What offline business niches respond best?

15 replies
I'm interested to hear which niches you guys have been the most successful engaging for whatever services you're selling. I'm in the process of marketing a free Facebook Marketing Bootcamp to offline businesses, and am trying to determine which niches will respond the best to this type of free training.

Any insight you can share would be much appreciated!
#business #niches #offline #respond
  • Profile picture of the author Bredfan
    Hi Aaron -

    Tough to say. This is off the very top of my head (not looking at my files). These are the industries I have worked with in my 3 years offline:

    Home decor (first client)
    Private preschool/kindergarten
    Center for Skin Cancer
    Med-spa equipment
    Occuloplastic surgery center
    Garden center
    Prosthetic Center
    Wedding Planner
    Many more I can't remember

    So if I had to pick a general industry category, I'd say health care is a stand out for me. They tend to have high average customer values and are one-call conversions (not like a technology company, for example, that has a 6 month sales cycle). [EDIT - by this I mean the customer sales cycle. When a customer can see incremental sales quickly, attribution to SEO or PPC is much easier.]

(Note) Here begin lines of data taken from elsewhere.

(* Let $m\ge 2$ and $1\le\ell<m$. The algorithm that, given an $\ell$-truncated election, returns a candidate with the highest $\mathrm{worst}$ Minimax score (defined in the context) approximates the Minimax rule within a factor of $$\frac{1}{(m-\ell)\left(1+\frac{\ell^2}{m^2-\ell^2-m+\ell}\right)}\ \ge\ \frac{1}{m-\ell/2};$$ that is, for every election $E$, the returned candidate $w$ satisfies $\mathrm{sc}_{\mathrm{MM}}(w)\ge\frac{1}{(m-\ell)\left(1+\frac{\ell^2}{m^2-\ell^2-m+\ell}\right)}\max_{c\in C}\mathrm{sc}_{\mathrm{MM}}(c)$, and moreover $(m-\ell)\left(1+\frac{\ell^2}{m^2-\ell^2-m+\ell}\right)\le m-\ell/2$.
   Context: An election consists of a set $V$ of $n$ voters and a set $C$ of $m$ candidates; each voter $v$ has a strict linear order $\succ_v$ over $C$. For $c,c'\in C$, $\mathrm{sc}_{\mathrm{MM}}(c,c')=|\{v: c\succ_v c'\}|$ and $\mathrm{sc}_{\mathrm{MM}}(c)=\min_{c'\neq c}\mathrm{sc}_{\mathrm{MM}}(c,c')$. In the $\ell$-truncated election each voter reveals only the ordered list of her top $\ell$ candidates. For a voter $v$ and candidates $c\neq d$, write $c\succ_v^t d$ if $c$ is among $v$'s top $\ell$ candidates and either $d$ is not among them or $c\succ_v d$. The worst Minimax score is $\mathrm{worst}(c)=\min_{c'\neq c}|\{v\in V: c\succ_v^t c'\}|$ (the Minimax score of $c$ when $c$ is placed last by every voter not listing it) and the best Minimax score is $\mathrm{best}(c)=\min_{c'\neq c}\big(n-|\{v\in V: c'\succ_v^t c\}|\big)$. *)

theory Defs
  imports Complex_Main
begin

text \<open>A voter's strict linear order over C is a list enumerating C without repetition,
  best candidate first.\<close>
definition is_ranking :: "'c set \<Rightarrow> 'c list \<Rightarrow> bool" where
  "is_ranking C p \<longleftrightarrow> distinct p \<and> set p = C"

definition prefers :: "'c list \<Rightarrow> 'c \<Rightarrow> 'c \<Rightarrow> bool" where
  "prefers p c d \<longleftrightarrow> (\<exists>i j. i < j \<and> j < length p \<and> p ! i = c \<and> p ! j = d)"

definition tprefers :: "nat \<Rightarrow> 'c list \<Rightarrow> 'c \<Rightarrow> 'c \<Rightarrow> bool" where
  "tprefers l p c d \<longleftrightarrow> c \<in> set (take l p) \<and> (d \<notin> set (take l p) \<or> prefers p c d)"

definition sc_pair :: "'v set \<Rightarrow> ('v \<Rightarrow> 'c list) \<Rightarrow> 'c \<Rightarrow> 'c \<Rightarrow> nat" where
  "sc_pair V P c c' = card {v \<in> V. prefers (P v) c c'}"

definition sc_MM :: "'v set \<Rightarrow> 'c set \<Rightarrow> ('v \<Rightarrow> 'c list) \<Rightarrow> 'c \<Rightarrow> nat" where
  "sc_MM V C P c = Min ((\<lambda>c'. sc_pair V P c c') ` (C - {c}))"

definition worst_MM :: "nat \<Rightarrow> 'v set \<Rightarrow> 'c set \<Rightarrow> ('v \<Rightarrow> 'c list) \<Rightarrow> 'c \<Rightarrow> nat" where
  "worst_MM l V C P c = Min ((\<lambda>c'. card {v \<in> V. tprefers l (P v) c c'}) ` (C - {c}))"

end

theory Submission
  imports Defs
begin

text \<open>Let \<open>c\<close> be a Minimax winner with score \<open>M\<close>, let \<open>w\<close> maximise the worst score \<open>s\<close>,
  and let \<open>b\<close> voters omit \<open>c\<close> from their truncated ballots. Then \<open>M \<le> s + b\<close>, since
  only the \<open>b\<close> voters can support \<open>c\<close> invisibly. Each of the \<open>b\<close> voters lists \<open>l\<close>
  candidates above \<open>c\<close>, and every such visible defeat of \<open>c\<close> costs \<open>c\<close> support in a
  pairwise contest, so \<open>(m - 1) M + l b \<le> (m - 1) n\<close>. Finally every voter's top choice is
  visibly preferred to all others, so \<open>n \<le> m s\<close>. Eliminating \<open>b\<close> and \<open>n\<close> gives
  \<open>(m + l - 1) M \<le> (m\<^sup>2 - m + l) s\<close>, and \<open>s \<le> sc_MM w\<close> because truncation only hides
  support.\<close>

lemma nth_mem_take: "i < l \<Longrightarrow> i < length p \<Longrightarrow> p ! i \<in> set (take l p)"
  by (metis in_set_conv_nth length_take min_less_iff_conj nth_take)

lemma tprefers_imp_prefers:
  assumes "d \<in> set p" "tprefers l p c d"
  shows "prefers p c d"
proof (cases "d \<in> set (take l p)")
  case True
  then show ?thesis using assms(2) unfolding tprefers_def by auto
next
  case False
  obtain i where i: "i < l" "i < length p" "p ! i = c"
    using assms(2) unfolding tprefers_def by (auto simp: in_set_conv_nth)
  obtain j where j: "j < length p" "p ! j = d"
    using assms(1) by (auto simp: in_set_conv_nth)
  have "i < j" using False nth_mem_take[of j l p] i(1) j by fastforce
  then show ?thesis unfolding prefers_def using i j by blast
qed

lemma prefers_imp_not_tprefers:
  assumes "distinct p" "prefers p c d"
  shows "\<not> tprefers l p d c"
proof
  assume t: "tprefers l p d c"
  obtain i j where ij: "i < j" "j < length p" "p ! i = c" "p ! j = d"
    using assms(2) unfolding prefers_def by blast
  obtain j' where j': "j' < l" "j' < length p" "p ! j' = d"
    using t unfolding tprefers_def by (auto simp: in_set_conv_nth)
  have "j' = j" using nth_eq_iff_index_eq[OF assms(1) j'(2) ij(2)] j'(3) ij(4) by simp
  then have "c \<in> set (take l p)" using ij j' nth_mem_take[of i l p] by simp
  then have "prefers p d c" using t unfolding tprefers_def by auto
  then obtain a b where ab: "a < b" "b < length p" "p ! a = d" "p ! b = c"
    unfolding prefers_def by blast
  have "a = j" using nth_eq_iff_index_eq[OF assms(1), of a j] ab ij by simp
  moreover have "b = i" using nth_eq_iff_index_eq[OF assms(1), of b i] ab ij by simp
  ultimately show False using ab(1) ij(1) by simp
qed

lemma tprefers_hd:
  assumes "1 \<le> l" "d \<in> set p" "d \<noteq> hd p"
  shows "tprefers l p (hd p) d"
proof -
  have "p \<noteq> []" using assms(2) by auto
  then have top: "hd p \<in> set (take l p)" using assms(1) by (cases p; cases l) auto
  obtain j where j: "j < length p" "p ! j = d" using assms(2) by (auto simp: in_set_conv_nth)
  then have "0 < j" using assms(3) \<open>p \<noteq> []\<close> by (metis gr0I hd_conv_nth)
  then have "prefers p (hd p) d"
    unfolding prefers_def using j \<open>p \<noteq> []\<close> by (metis hd_conv_nth)
  then show ?thesis unfolding tprefers_def using top by blast
qed

lemma approximation_factor_eq:
  fixes m l :: real
  assumes "1 \<le> l" "l < m"
  shows "(m - l) * (1 + l\<^sup>2 / (m\<^sup>2 - l\<^sup>2 - m + l)) = (m\<^sup>2 - m + l) / (m + l - 1)"
proof -
  have factor: "m\<^sup>2 - l\<^sup>2 - m + l = (m - l) * (m + l - 1)"
    by (simp add: algebra_simps power2_eq_square)
  have "m - l > 0" "m + l - 1 > 0" using assms by auto
  then have "(m - l) * (1 + l\<^sup>2 / ((m - l) * (m + l - 1)))
      = (m - l) + l\<^sup>2 / (m + l - 1)"
    by (simp add: distrib_left)
  also have "\<dots> = ((m - l) * (m + l - 1) + l\<^sup>2) / (m + l - 1)"
    using \<open>m + l - 1 > 0\<close> by (simp add: field_simps)
  also have "(m - l) * (m + l - 1) + l\<^sup>2 = m\<^sup>2 - m + l"
    by (simp add: algebra_simps power2_eq_square)
  finally show ?thesis unfolding factor .
qed

lemma approximation_factor_le:
  fixes m l :: real
  assumes "0 \<le> l" "l + 1 \<le> m"
  shows "(m\<^sup>2 - m + l) / (m + l - 1) \<le> m - l / 2"
proof -
  have "(m - l / 2) * (m + l - 1) - (m\<^sup>2 - m + l) = l * (m - l - 1) / 2"
    by (simp add: field_simps power2_eq_square)
  moreover have "l * (m - l - 1) \<ge> 0" using assms by simp
  ultimately have "m\<^sup>2 - m + l \<le> (m - l / 2) * (m + l - 1)" by linarith
  then show ?thesis using assms by (simp add: divide_le_eq)
qed

lemma inverse_approximation_factor_mult_le:
  fixes m l M s :: real
  assumes "1 \<le> l" "l < m" and bound: "(m + l - 1) * M \<le> (m\<^sup>2 - m + l) * s"
  shows "1 / ((m - l) * (1 + l\<^sup>2 / (m\<^sup>2 - l\<^sup>2 - m + l))) * M \<le> s"
proof -
  have "0 \<le> m * (m - 1)" using assms(1,2) by simp
  then have num: "m\<^sup>2 - m + l > 0" using assms(1) by (simp add: algebra_simps power2_eq_square)
  have "1 / ((m\<^sup>2 - m + l) / (m + l - 1)) * M = (m + l - 1) * M / (m\<^sup>2 - m + l)"
    by simp
  also have "\<dots> \<le> s" using bound num by (simp add: pos_divide_le_eq mult.commute)
  finally show ?thesis using approximation_factor_eq[OF assms(1,2)] by simp
qed

locale election =
  fixes V :: "'v set" and C :: "'c set" and P :: "'v \<Rightarrow> 'c list"
  assumes finite_V: "finite V"
    and finite_C: "finite C"
    and two_candidates: "2 \<le> card C"
    and ranking: "v \<in> V \<Longrightarrow> is_ranking C (P v)"
begin

lemma distinct_P: "v \<in> V \<Longrightarrow> distinct (P v)"
  and set_P: "v \<in> V \<Longrightarrow> set (P v) = C"
  using ranking unfolding is_ranking_def by auto

lemma length_P: "v \<in> V \<Longrightarrow> length (P v) = card C"
  by (metis distinct_P set_P distinct_card)

lemma others_nonempty: "C - {c} \<noteq> {}"
proof
  assume "C - {c} = {}"
  then have "card C \<le> card {c}" by (intro card_mono) auto
  then show False using two_candidates by simp
qed

lemma sc_MM_le: "d \<in> C - {c} \<Longrightarrow> sc_MM V C P c \<le> sc_pair V P c d"
  unfolding sc_MM_def using finite_C by (intro Min_le) auto

lemma sc_MM_attained: obtains d where "d \<in> C - {c}" "sc_MM V C P c = sc_pair V P c d"
proof -
  have "sc_MM V C P c \<in> sc_pair V P c ` (C - {c})"
    unfolding sc_MM_def using finite_C others_nonempty by (intro Min_in) auto
  then show ?thesis using that by auto
qed

lemma worst_MM_le:
  "d \<in> C - {c} \<Longrightarrow> worst_MM l V C P c \<le> card {v \<in> V. tprefers l (P v) c d}"
  unfolding worst_MM_def using finite_C by (intro Min_le) auto

lemma worst_MM_attained:
  obtains d where "d \<in> C - {c}" "worst_MM l V C P c = card {v \<in> V. tprefers l (P v) c d}"
proof -
  have "worst_MM l V C P c \<in> (\<lambda>d. card {v \<in> V. tprefers l (P v) c d}) ` (C - {c})"
    unfolding worst_MM_def using finite_C others_nonempty by (intro Min_in) auto
  then show ?thesis using that by auto
qed

definition not_listing :: "nat \<Rightarrow> 'c \<Rightarrow> 'v set" where
  "not_listing l c = {v \<in> V. c \<notin> set (take l (P v))}"

lemma finite_not_listing: "finite (not_listing l c)"
  unfolding not_listing_def using finite_V by simp

lemma worst_MM_le_sc_MM: "worst_MM l V C P c \<le> sc_MM V C P c"
proof -
  obtain d where d: "d \<in> C - {c}" "sc_MM V C P c = sc_pair V P c d"
    by (rule sc_MM_attained)
  have "{v \<in> V. tprefers l (P v) c d} \<subseteq> {v \<in> V. prefers (P v) c d}"
    using d(1) by (auto simp: set_P intro: tprefers_imp_prefers)
  then have "card {v \<in> V. tprefers l (P v) c d} \<le> sc_pair V P c d"
    unfolding sc_pair_def using finite_V by (intro card_mono) auto
  then show ?thesis using worst_MM_le[where l = l, OF d(1)] d(2) by linarith
qed

lemma sc_MM_le_worst_MM_not_listing:
  "sc_MM V C P c \<le> worst_MM l V C P c + card (not_listing l c)"
proof -
  obtain d where d: "d \<in> C - {c}" "worst_MM l V C P c = card {v \<in> V. tprefers l (P v) c d}"
    by (rule worst_MM_attained)
  have "{v \<in> V. prefers (P v) c d} \<subseteq> {v \<in> V. tprefers l (P v) c d} \<union> not_listing l c"
    by (auto simp: tprefers_def not_listing_def)
  then have "sc_pair V P c d \<le> card ({v \<in> V. tprefers l (P v) c d} \<union> not_listing l c)"
    unfolding sc_pair_def using finite_V finite_not_listing by (intro card_mono) auto
  also have "\<dots> \<le> card {v \<in> V. tprefers l (P v) c d} + card (not_listing l c)"
    by (rule card_Un_le)
  finally show ?thesis using sc_MM_le[OF d(1)] d(2) by linarith
qed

    That said, my real revenue has come from upstream clients. These include technology companies like wholesale consumer electronics, mobile security technology, eLearning platform, Education portal, Medical device manufacturer -

    The difference is that the local service based companies I can charge between 350 and 750 per month. The upstream businesses I can charge 1500 to 300 per month, depending on what I'm doing. By "upstream" I mean companies say $50 Million plus, which interestingly is still considered a small business by SBA...

    Also - I have read many blogs and posts here that talk about niche focus. I have never done that. I'm sure it works, but can't vouch for it personally. I take any client that I can help and it has worked for me...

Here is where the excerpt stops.